Pinterest A Grateful Life Lived: You Can't Fly Solo

Sunday, February 1, 2015

You Can't Fly Solo



I still remember looking at high school kids and thinking they were so old.  Yet, I've surpassed high school and am into my college years.  And as of Thursday, I'm officially two decades old.  Eep!  That's a bit scary.  I can't believe time has flown by that fast and I've accomplished so little.
(RELATED: Read about my travel adventures!)

So I went into this birthday with a pretty negative mindset.  I was excited-- because I love birthdays, they're my jam-- but I was also depressed thinking of the years I've wasted in my eating disorder.  How many birthday parties, holidays and outings have I skipped because of food?  How many events have I skipped because I was too anxious to sit and too enslaved to constant movement?  How many races and PR's and records have I missed as an athlete, because I was more focused on controlling my body than letting God have His way.

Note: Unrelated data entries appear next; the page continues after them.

(* Let $\omega=e^{2\pi i/6}$, choose a sign $\pm$, and let $r\in\mathbb C\setminus\{0,\omega^{\pm1}\}$. Let $\Psi^\pm_r:\mathsf{PGL}_2(\mathbb Z)\to\mathsf{PGL}_2(\mathbb C)$ be the homomorphism with $$\Psi^\pm_r(T)=\begin{bmatrix}r&1\\0&1\end{bmatrix},\quad \Psi^\pm_r(S)=\begin{bmatrix}1&r^{-1}\\ -r+\omega^{\pm1}&-1\end{bmatrix},\quad \Psi^\pm_r(V)=\begin{bmatrix}1&\frac{1+r^{-1}}{r-\omega^{\pm1}}\\ 1-r&-1\end{bmatrix}.$$ Then there exists $M\in\mathsf{PGL}_2(\mathbb C)$ with $M\,\Psi^\pm_r(g)\,M^{-1}=\alpha(g)$ for all $g\in\mathsf{PGL}_2(\mathbb Z)$ (equivalently $M\Psi^\pm_r(U)M^{-1}=U$, $M\Psi^\pm_r(K)M^{-1}=K$, $M\Psi^\pm_r(V)M^{-1}=UV$) if and only if $r=-\varphi^2$ or $r=-\bar\varphi^2$.
   Context: $\varphi=\frac{1+\sqrt5}{2}$, $\bar\varphi=\frac{1-\sqrt5}{2}$. An invertible matrix $\begin{bmatrix}a&b\\c&d\end{bmatrix}$ denotes the Möbius map $x\mapsto(ax+b)/(cx+d)$. In $\mathsf{PGL}_2(\mathbb Z)$: $T(x)=1+x$, $S(x)=-1/x$, $U(x)=1/x$, $V(x)=-x$, $K(x)=1-x$; $T,S,V$ generate $\mathsf{PGL}_2(\mathbb Z)$. Dyer's outer automorphism $\alpha$ of $\mathsf{PGL}_2(\mathbb Z)$ is the involutive automorphism with $\alpha(U)=U$, $\alpha(K)=K$, $\alpha(V)=UV$ (so $\alpha(T)=TU$, $\alpha(S)=V$). *)

theory Defs
  imports "HOL-Analysis.Analysis"
begin

text \<open>2x2 complex matrices; an invertible matrix represents the Moebius map x -> (ax+b)/(cx+d),
  and the matrix product corresponds to composition of maps.\<close>

type_synonym cmat2 = "complex^2^2"

definition mat2 :: "complex \<Rightarrow> complex \<Rightarrow> complex \<Rightarrow> complex \<Rightarrow> cmat2" where
  "mat2 a b c d = (\<chi> i j. if i = 1 then (if j = 1 then a else b) else (if j = 1 then c else d))"

definition pgl_eq :: "cmat2 \<Rightarrow> cmat2 \<Rightarrow> bool" where
  "pgl_eq A B \<longleftrightarrow> (\<exists>c::complex. c \<noteq> 0 \<and> A = mat c ** B)"

definition golden :: real where "golden = (1 + sqrt 5) / 2"
definition golden_bar :: real where "golden_bar = (1 - sqrt 5) / 2"

definition omega6 :: complex where "omega6 = exp (2 * pi * \<i> / 6)"

definition matT :: cmat2 where "matT = mat2 1 1 0 1"
definition matS :: cmat2 where "matS = mat2 0 (-1) 1 0"
definition matU :: cmat2 where "matU = mat2 0 1 1 0"
definition matV :: cmat2 where "matV = mat2 (-1) 0 0 1"
definition matK :: cmat2 where "matK = mat2 (-1) 1 0 1"

text \<open>The generators T, S, V of PGL_2(Z); they generate it even as a monoid
  (T^-1 = V T V, S and V are involutions), so every element is a word in them.\<close>
datatype gen = GT | GS | GV

definition eval_word :: "(gen \<Rightarrow> cmat2) \<Rightarrow> gen list \<Rightarrow> cmat2" where
  "eval_word f w = foldr (\<lambda>g acc. f g ** acc) w (mat 1)"

definition gen_mat :: "gen \<Rightarrow> cmat2" where
  "gen_mat g = (case g of GT \<Rightarrow> matT | GS \<Rightarrow> matS | GV \<Rightarrow> matV)"

definition alpha_gen :: "gen \<Rightarrow> cmat2" where
  "alpha_gen g = (case g of GT \<Rightarrow> matT ** matU | GS \<Rightarrow> matV | GV \<Rightarrow> matU ** matV)"

definition Psi_gen :: "bool \<Rightarrow> complex \<Rightarrow> gen \<Rightarrow> cmat2" where
  "Psi_gen pm r g = (let w = (if pm then omega6 else inverse omega6) in
     (case g of
        GT \<Rightarrow> mat2 r 1 0 1
      | GS \<Rightarrow> mat2 1 (inverse r) (- r + w) (-1)
      | GV \<Rightarrow> mat2 1 ((1 + inverse r) / (r - w)) (1 - r) (-1)))"

end

theory Submission
  imports Defs
begin

text \<open>Conjugation up to a scalar preserves \<open>tr\<^sup>2 / det\<close>. For \<open>\<Psi>(T)\<close> this is \<open>(r+1)\<^sup>2 / r\<close>,
  for \<open>\<alpha>(T) = TU\<close> it is \<open>-1\<close>, so a conjugating matrix forces \<open>r\<^sup>2 + 3r + 1 = 0\<close>, whose roots
  are \<open>-\<phi>\<^sup>2\<close> and \<open>-(1 - \<phi>)\<^sup>2\<close>. Conversely, for these \<open>r\<close> an explicit matrix conjugates
  \<open>\<Psi>(T), \<Psi>(S), \<Psi>(V)\<close> to scalar multiples of \<open>\<alpha>(T), \<alpha>(S), \<alpha>(V)\<close>, hence every word.\<close>

lemma cmat2_cases:
  obtains a b c d where "(A::cmat2) = mat2 a b c d"
proof (rule that)
  show "A = mat2 (A$1$1) (A$1$2) (A$2$1) (A$2$2)"
    unfolding mat2_def by (simp add: vec_eq_iff forall_2)
qed

lemma mat2_mult: "mat2 a b c d ** mat2 e f g h = mat2 (a*e+b*g) (a*f+b*h) (c*e+d*g) (c*f+d*h)"
  unfolding mat2_def matrix_matrix_mult_def by (simp add: vec_eq_iff forall_2 sum_2)

lemma mat2_eq_iff: "mat2 a b c d = mat2 a' b' c' d' \<longleftrightarrow> a = a' \<and> b = b' \<and> c = c' \<and> d = d'"
  unfolding mat2_def by (simp add: vec_eq_iff forall_2)

lemma mat_eq_mat2: "(mat k :: cmat2) = mat2 k 0 0 k"
  unfolding mat2_def mat_def by (simp add: vec_eq_iff forall_2)

lemma det_mat2: "det (mat2 a b c d) = a*d - b*c"
  unfolding det_2 mat2_def by simp

lemma trace_mat2: "trace (mat2 a b c d) = a + d"
  unfolding trace_def mat2_def by (simp add: sum_2)

lemma mat_mult_commute: "mat k ** (A::cmat2) = A ** mat k"
  by (cases A rule: cmat2_cases) (simp add: mat_eq_mat2 mat2_mult mult.commute)

lemma mat_mult_mat: "mat k ** (mat l :: cmat2) = mat (k*l)"
  by (simp add: mat_eq_mat2 mat2_mult)

lemma det_mat: "det (mat k :: cmat2) = k^2"
  by (simp add: mat_eq_mat2 det_mat2 power2_eq_square)

lemma trace_mat_mult: "trace (mat k ** (A::cmat2)) = k * trace A"
  by (cases A rule: cmat2_cases) (simp add: mat_eq_mat2 mat2_mult trace_mat2 algebra_simps)

lemma matrix_inv_invertible:
  fixes A :: "'a::semiring_1^'n^'n"
  assumes "invertible A"
  shows "A ** matrix_inv A = mat 1" and "matrix_inv A ** A = mat 1"
proof -
  have "\<exists>A'. A ** A' = mat 1 \<and> A' ** A = mat 1"
    using assms unfolding invertible_def by blast
  from someI_ex[OF this] show "A ** matrix_inv A = mat 1" and "matrix_inv A ** A = mat 1"
    unfolding matrix_inv_def by auto
qed

lemma invertible_conj_iff:
  fixes M :: "'a::semiring_1^'n^'n"
  assumes "invertible M"
  shows "M ** X ** matrix_inv M = Y \<longleftrightarrow> M ** X = Y ** M"
proof
  assume "M ** X ** matrix_inv M = Y"
  then show "M ** X = Y ** M"
    using matrix_inv_invertible(2)[OF assms]
    by (metis matrix_mul_assoc matrix_mul_rid)
next
  assume "M ** X = Y ** M"
  then show "M ** X ** matrix_inv M = Y"
    using matrix_inv_invertible(1)[OF assms]
    by (metis matrix_mul_assoc matrix_mul_rid)
qed

lemma pgl_eq_conj_iff:
  assumes "det (M::cmat2) \<noteq> 0"
  shows "pgl_eq (M ** X ** matrix_inv M) Y \<longleftrightarrow> (\<exists>c. c \<noteq> 0 \<and> M ** X = mat c ** Y ** M)"
  using invertible_conj_iff assms invertible_det_nz unfolding pgl_eq_def by blast

lemma projectively_similar_trace_det:
  assumes "det (M::cmat2) \<noteq> 0" and conj: "M ** X = mat c ** Y ** M"
  shows "trace X ^ 2 * det Y = trace Y ^ 2 * det X"
proof -
  have "invertible M"
    using assms(1) by (simp add: invertible_det_nz)
  note inv = matrix_inv_invertible[OF this]
  have conj_inv: "M ** X ** matrix_inv M = mat c ** Y"
    by (subst invertible_conj_iff[OF \<open>invertible M\<close>]) (rule conj)
  have "det M * det X = det M * (c^2 * det Y)"
    using arg_cong[OF conj, of det] by (simp add: det_mul det_mat mult_ac)
  then have det: "det X = c^2 * det Y"
    using assms(1) by simp
  have "trace X = trace (matrix_inv M ** (M ** X))"
    by (simp add: inv matrix_mul_assoc)
  also have "\<dots> = trace (M ** X ** matrix_inv M)"
    by (rule trace_mul_sym)
  also have "\<dots> = trace (mat c ** Y)"
    by (simp only: conj_inv)
  finally have trace: "trace X = c * trace Y"
    by (simp add: trace_mat_mult)
  show ?thesis
    unfolding det trace by (simp add: power2_eq_square)
qed

lemma eval_word_Nil [simp]: "eval_word f [] = mat 1"
  by (simp add: eval_word_def)

lemma eval_word_Cons [simp]: "eval_word f (g # w) = f g ** eval_word f w"
  by (simp add: eval_word_def)

lemma eval_word_intertwine:
  assumes "\<And>g. \<exists>c. c \<noteq> 0 \<and> M ** f g = mat c ** a g ** M"
  shows "\<exists>c. c \<noteq> 0 \<and> M ** eval_word f w = mat c ** eval_word a w ** (M::cmat2)"
proof (induction w)
  case Nil
  show ?case by (intro exI[of _ 1]) simp
next
  case (Cons g w)
  obtain c where c: "c \<noteq> 0" "M ** f g = mat c ** a g ** M"
    using assms by blast
  obtain d where d: "d \<noteq> 0" "M ** eval_word f w = mat d ** eval_word a w ** M"
    using Cons by blast
  have "M ** eval_word f (g # w) = (M ** f g) ** eval_word f w"
    by (simp add: matrix_mul_assoc)
  also have "\<dots> = mat c ** a g ** (M ** eval_word f w)"
    by (simp add: c(2) flip: matrix_mul_assoc)
  also have "\<dots> = mat c ** (a g ** mat d) ** eval_word a w ** M"
    by (simp add: d(2) matrix_mul_assoc)
  also have "\<dots> = mat c ** (mat d ** a g) ** eval_word a w ** M"
    by (simp only: mat_mult_commute[of d "a g"])
  also have "\<dots> = mat (c * d) ** eval_word a (g # w) ** M"
    by (simp add: matrix_mul_assoc flip: mat_mult_mat)
  finally show ?case
    using c(1) d(1) mult_eq_0_iff by blast
qed

definition omega_sign :: "bool \<Rightarrow> complex" where
  "omega_sign pm = (if pm then omega6 else inverse omega6)"

lemma omega6_eq_cis: "omega6 = cis (pi / 3)"
  unfolding omega6_def cis_conv_exp by (simp add: field_simps)

lemma omega6_root: "omega6^2 - omega6 + 1 = 0"
  by (simp add: omega6_eq_cis complex_eq_iff cos_60 sin_60 power2_eq_square field_simps)

lemma inverse_omega6: "inverse omega6 = 1 - omega6"
  using omega6_root by (intro inverse_unique) (simp add: power2_eq_square algebra_simps)

lemma omega_sign_root: "omega_sign pm ^ 2 - omega_sign pm + 1 = 0"
  using omega6_root
  by (simp add: omega_sign_def inverse_omega6 power2_eq_square algebra_simps)

lemma Psi_gen_simps:
  "Psi_gen pm r GT = mat2 r 1 0 1"
  "Psi_gen pm r GS = mat2 1 (inverse r) (omega_sign pm - r) (-1)"
  "Psi_gen pm r GV = mat2 1 ((1 + inverse r) / (r - omega_sign pm)) (1 - r) (-1)"
  by (simp_all add: Psi_gen_def omega_sign_def Let_def)

lemma alpha_gen_simps:
  "alpha_gen GT = mat2 1 1 1 0"
  "alpha_gen GS = mat2 (-1) 0 0 1"
  "alpha_gen GV = mat2 0 1 (-1) 0"
  by (simp_all add: alpha_gen_def matT_def matU_def matV_def mat2_mult)

lemma quadratic_if_Psi_conj_alpha:
  assumes "det M \<noteq> 0"
    and "\<forall>w. pgl_eq (M ** eval_word (Psi_gen pm r) w ** matrix_inv M) (eval_word alpha_gen w)"
  shows "r^2 + 3*r + 1 = 0"
proof -
  have "pgl_eq (M ** Psi_gen pm r GT ** matrix_inv M) (alpha_gen GT)"
    using assms(2)[rule_format, of "[GT]"] by simp
  then obtain c where "M ** Psi_gen pm r GT = mat c ** alpha_gen GT ** M"
    unfolding pgl_eq_conj_iff[OF assms(1)] by blast
  from projectively_similar_trace_det[OF assms(1) this]
  have "(r + 1)^2 * (-1) = r"
    by (simp add: Psi_gen_simps alpha_gen_simps trace_mat2 det_mat2)
  moreover have "r^2 + 3*r + 1 = r - (r + 1)^2 * (-1)"
    by (simp add: power2_eq_square algebra_simps)
  ultimately show ?thesis
    by simp
qed

text \<open>With \<open>r = -1 - s\<close>, this matrix sends the fixed points \<open>\<infinity>, 1/(2+s)\<close> of \<open>\<Psi>(T)\<close> to the fixed points
  \<open>s, 1-s\<close> of \<open>TU\<close>, and the fixed points of \<open>\<Psi>(S)\<close> to the fixed points \<open>0, \<infinity>\<close> of \<open>V\<close>.\<close>

definition intertwiner :: "complex \<Rightarrow> complex \<Rightarrow> cmat2" where
  "intertwiner s W = mat2 (2 * s) (1 - s - 2 * W + s * W) 2 (s * W - W - 1)"

lemma det_intertwiner_nz:
  assumes s: "s^2 = s + 1" and W: "W^2 - W + 1 = 0"
  shows "det (intertwiner s W) \<noteq> 0"
proof
  assume "det (intertwiner s W) = 0"
  then have "(3 - s) * W = 1"
    using s by (simp add: intertwiner_def det_mat2) algebra
  then have "(3 - s)^2 - (3 - s) + 1 = 0"
    using W by algebra
  then have "s = 2"
    using s by algebra
  then show False
    using s by simp
qed

lemma intertwiner_conj_generators:
  assumes s: "s^2 = s + 1" and W: "W^2 - W + 1 = 0" and k: "k * (-1 - s - W) = 1"
  shows "intertwiner s W ** mat2 (-1 - s) 1 0 1 = mat (-s) ** alpha_gen GT ** intertwiner s W"
    and "intertwiner s W ** mat2 1 (s - 2) (W + 1 + s) (-1)
      = mat ((1 - s) * (1 - W)) ** alpha_gen GS ** intertwiner s W"
    and "intertwiner s W ** mat2 1 ((s - 1) * k) (2 + s) (-1)
      = mat ((2 * W - 2) * k) ** alpha_gen GV ** intertwiner s W"
  unfolding alpha_gen_simps intertwiner_def mat_eq_mat2 mat2_mult mat2_eq_iff
  using s W k by algebra+

lemma Psi_conj_alpha_if_quadratic:
  assumes r: "r^2 + 3*r + 1 = 0" and r_ne: "r \<noteq> omega_sign pm"
  shows "\<exists>M. det M \<noteq> 0 \<and>
    (\<forall>w. pgl_eq (M ** eval_word (Psi_gen pm r) w ** matrix_inv M) (eval_word alpha_gen w))"
proof -
  define W where "W = omega_sign pm"
  define s where "s = -1 - r"
  define k where "k = inverse (r - W)"
  define M where "M = intertwiner s W"
  have W: "W^2 - W + 1 = 0"
    using omega_sign_root by (simp add: W_def)
  have r_eq: "r = -1 - s"
    by (simp add: s_def)
  have s: "s^2 = s + 1"
    using r by (simp add: r_eq power2_eq_square algebra_simps)
  have r_inv: "inverse r = s - 2"
    using s by (intro inverse_unique) (simp add: r_eq power2_eq_square algebra_simps)
  have k: "k * (-1 - s - W) = 1"
    using r_ne by (simp add: k_def W_def flip: r_eq)
  have Psi: "Psi_gen pm r GT = mat2 (-1 - s) 1 0 1"
    "Psi_gen pm r GS = mat2 1 (s - 2) (W + 1 + s) (-1)"
    "Psi_gen pm r GV = mat2 1 ((s - 1) * k) (2 + s) (-1)"
    by (simp_all add: Psi_gen_simps r_inv divide_inverse flip: W_def k_def)
      (simp_all add: r_eq algebra_simps)
  note generators = intertwiner_conj_generators[OF s W k, folded Psi M_def]
  have "- s \<noteq> 0" "(1 - s) * (1 - W) \<noteq> 0" "(2 * W - 2) * k \<noteq> 0"
    using s W k by auto
  with generators have "\<exists>c. c \<noteq> 0 \<and> M ** Psi_gen pm r g = mat c ** alpha_gen g ** M" for g
    by (cases g) blast+
  moreover have "det M \<noteq> 0"
    unfolding M_def using s W by (rule det_intertwiner_nz)
  ultimately show ?thesis
    using eval_word_intertwine pgl_eq_conj_iff by blast
qed

lemma quadratic_golden_iff:
  fixes r :: complex
  shows "r^2 + 3*r + 1 = 0 \<longleftrightarrow> r = - of_real (golden ^ 2) \<or> r = - of_real (golden_bar ^ 2)"
proof -
  define a where "a = complex_of_real (golden^2)"
  define b where "b = complex_of_real (golden_bar^2)"
  have "golden^2 + golden_bar^2 = 3" and "golden^2 * golden_bar^2 = 1"
    by (simp_all add: golden_def golden_bar_def power2_eq_square field_simps)
  then have "a + b = 3" and "a * b = 1"
    unfolding a_def b_def by (metis of_real_add of_real_numeral, metis of_real_mult of_real_1)
  then have "(r + a) * (r + b) = r^2 + 3*r + 1"
    by (simp add: power2_eq_square distrib_left distrib_right add.assoc
        flip: \<open>a + b = 3\<close> \<open>a * b = 1\<close>)
  then show ?thesis
    unfolding eq_neg_iff_add_eq_0 a_def[symmetric] b_def[symmetric] by (metis mult_eq_0_iff)
qed

theorem mainTheorem12:
  fixes pm :: bool and r :: complex
  assumes "r \<noteq> 0" and "r \<noteq> (if pm then omega6 else inverse omega6)"
  shows "(\<exists>M::cmat2. det M \<noteq> 0 \<and>
            (\<forall>w. pgl_eq (M ** eval_word (Psi_gen pm r) w ** matrix_inv M)
                         (eval_word alpha_gen w)))
         \<longleftrightarrow> (r = - complex_of_real (golden ^ 2) \<or> r = - complex_of_real (golden_bar ^ 2))"
proof -
  have "r \<noteq> omega_sign pm"
    using assms(2) by (simp add: omega_sign_def)
  then show ?thesis
    using quadratic_if_Psi_conj_alpha Psi_conj_alpha_if_quadratic
    unfolding quadratic_golden_iff[symmetric] by blast
qed

end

Now do you see why I wasn't über excited to turn 20.

(RELATED: Recap of my 19th Birthday)

Here's a cute collage my mom sent me on Thursday. 
But then Thursday came and it wasn't so bad.  It was actually pretty great.  I had my PHP program from noon to six, but even that didn't bother me.  I enjoyed it like a kid at school on their birthday.  A sense of peace also washed over me, as I realized I didn't have to worry about how I would restrict with everyone watching.  I didn't have to figure out how to avoid birthday desserts that my concerned family might push my way.  I had peace.

I visited with my mom in the morning and then after PHP, my grammy came over and hung out for a bit.  After that, we had a dinner with my choice of fresh tilapia.  Then we had frozen yogurt for dessert.  And I had it all figured out in my mealplan so I had no anxiety or fear about it.  I enjoyed an amazing evening with my family and then spent some time with my super awesome friend who stopped by to give me a gift.  Then I spent at least an hour reading said-gift: "Redeeming Love" by Francine Rivers.  It is so good so far!  Stay tuned for a rockin' book review! (Click HERE to read some of my book reviews)

After relaxing with my book and some tea, I snuggled into my bed and reflected on the day and remembered again just how much God has blessed me. (RELATED: My Favorite Teas)  For so long, I shut the world out and built up my walls.  But I am learning that the risk of vulnerability outweighs the despair of solitude.  It's worth putting my heart out there, because my heart is always held and healed by Christ.  I don't have to control it all myself.

(RELATED: Moving Forward from Anorexia)

Perhaps you are rolling your eyes.  Perhaps you are nodding along because you've walked the same road- or you still are.  I'm talking to the latter group, the ones who know how dark the world gets when you've boarded up your windows and shut out the sunlight.  I know what it is like and I'm here to tell you that you can't fly solo.  We were made for community, to lean on each other.  And when we let down our guard, we embrace the raw beauty that is the human heart.

Sure, people will let us down.  Death happens, divorce happens, loss of a job: you name it.  We are going to get beat up and knocked down.  Better off is the individual who has a genuine presence in the world around her, for she will get to experience God's compassion through friends and family who stoop down to lift him from the mire.  I pity the person who has never made the friendships or revealed her struggles to a friend- I've been that girl.

God is all sufficient.  He is all we need.  Yet He created us for fellowship, community.  We are more able to fully enjoy Him and be all He calls us to be when we embrace the "sloppy wet" nature of mankind.  It may have taken me 20 years to discover this truth, but it certainly hasn't taken God that long to rekindle friendships in my life.  For that, I am ever grateful.

This next week, I'll be starting a part time job at Teavana and stepping down from 30 hours a week to 12 hours a week at my treatment center.  I think I'm ready because I'm really making strides in effectively asking for support and surrendering to the wisdom of my treatment team.  Turns out, they know a lot more than my confused, eating-disorder-plagued mind would like to admit.  Turns out, they are part of my web of friends and family that are making this ride worth it.

I guess it goes to show that what's true in an airplane is also true in life: It does no good to fly solo.  After all, you have to have someone to share the Skymall Magazine with, or you'll just sleep the whole time and miss all the laughter.
One of the most well-known Skymall images.